DATA UNDER STUDY START

(* Let $S$ be a training set of examples $(\mathbf{x},y)$ with $\mathbf{x}\in[-1,1]^d$, $y\in\{1,\dots,k\}$, let $\epsilon>0$, and let $W^\star\in\mathbb{R}^{k\times d}$ be an arbitrary matrix. Run ShareBoost on $S$ for $T=\left\lceil \frac{4}{\epsilon}\|W^\star\|_{\infty,1}^2\right\rceil$ iterations and let $W$ be the output matrix. Then $\|W\|_{\infty,0}\le T$ and $L(W)\le L(W^\star)+\epsilon$.
   Context: For $W\in\mathbb{R}^{k\times d}$, $W_{\cdot,i}$ denotes its $i$-th column; $\|W\|_{\infty,0}=|\{i:\|W_{\cdot,i}\|_\infty>0\}|$ is the number of nonzero columns and $\|W\|_{\infty,1}=\sum_{i=1}^d\|W_{\cdot,i}\|_\infty$. The loss of $W$ on $(\mathbf{x},y)$ is $\ell(W,(\mathbf{x},y))=\ln\sum_{y'\in\{1,\dots,k\}}\exp\big(\mathbf{1}[y'\neq y]-(W\mathbf{x})_y+(W\mathbf{x})_{y'}\big)$, and $L(W)=\frac1{|S|}\sum_{(\mathbf{x},y)\in S}\ell(W,(\mathbf{x},y))$. Write $\nabla_r L(W)\in\mathbb{R}^k$ for the $r$-th column of the gradient matrix $\nabla L(W)$. The ShareBoost algorithm: initialize $W=0$, $I=\emptyset$; for $t=1,\dots,T$: choose $r\in\{1,\dots,d\}$ maximizing $\|\nabla_r L(W)\|_1$ (ties broken arbitrarily), set $I\leftarrow I\cup\{r\}$, and set $W\leftarrow\arg\min\{L(V): V\in\mathbb{R}^{k\times d},\ V_{\cdot,i}=0\text{ for all }i\notin I\}$ (a minimizer is assumed to be attained at every iteration). *)

theory Defs
  imports "HOL-Analysis.Analysis"
begin

text \<open>Matrices W in R^{k x d} are functions nat => nat => real, entry W j i for row j in {1..k},
column i in {1..d}; entries outside this range are never used.
Examples are pairs (x, y) with x :: nat => real (coordinates 1..d) and y :: nat.
The training set S is a list (duplicates allowed).\<close>

type_synonym mat = "nat \<Rightarrow> nat \<Rightarrow> real"
type_synonym example = "(nat \<Rightarrow> real) \<times> nat"

definition mat_vec :: "nat \<Rightarrow> mat \<Rightarrow> (nat \<Rightarrow> real) \<Rightarrow> nat \<Rightarrow> real" where
  "mat_vec d W x j = (\<Sum>i=1..d. W j i * x i)"

definition loss :: "nat \<Rightarrow> nat \<Rightarrow> mat \<Rightarrow> example \<Rightarrow> real" where
  "loss k d W e = (case e of (x, y) \<Rightarrow>
     ln (\<Sum>y'=1..k. exp ((if y' \<noteq> y then 1 else 0) - mat_vec d W x y + mat_vec d W x y')))"

definition L :: "example list \<Rightarrow> nat \<Rightarrow> nat \<Rightarrow> mat \<Rightarrow> real" where
  "L S k d W = (\<Sum>e\<leftarrow>S. loss k d W e) / real (length S)"

definition col_inf_norm :: "nat \<Rightarrow> mat \<Rightarrow> nat \<Rightarrow> real" where
  "col_inf_norm k W i = Max ((\<lambda>j. \<bar>W j i\<bar>) ` {1..k})"

definition norm_inf_0 :: "nat \<Rightarrow> nat \<Rightarrow> mat \<Rightarrow> nat" where
  "norm_inf_0 k d W = card {i \<in> {1..d}. col_inf_norm k W i > 0}"

definition norm_inf_1 :: "nat \<Rightarrow> nat \<Rightarrow> mat \<Rightarrow> real" where
  "norm_inf_1 k d W = (\<Sum>i=1..d. col_inf_norm k W i)"

definition grad_L :: "example list \<Rightarrow> nat \<Rightarrow> nat \<Rightarrow> mat \<Rightarrow> nat \<Rightarrow> nat \<Rightarrow> real" where
  "grad_L S k d W j r =
     deriv (\<lambda>t. L S k d (\<lambda>a b. if a = j \<and> b = r then W a b + t else W a b)) 0"

definition grad_col_l1 :: "example list \<Rightarrow> nat \<Rightarrow> nat \<Rightarrow> mat \<Rightarrow> nat \<Rightarrow> real" where
  "grad_col_l1 S k d W r = (\<Sum>j=1..k. \<bar>grad_L S k d W j r\<bar>)"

DATA UNDER STUDY END

EXERCISE DETAILS: Look through the entries and find each line that has the string "else". Copy those lines.

TASK RESULT:
     ln (\<Sum>y'=1..k. exp ((if y' \<noteq> y then 1 else 0) - mat_vec d W x y + mat_vec d W x y')))"
     deriv (\<lambda>t. L S k d (\<lambda>a b. if a = j \<and> b = r then W a b + t else W a b)) 0"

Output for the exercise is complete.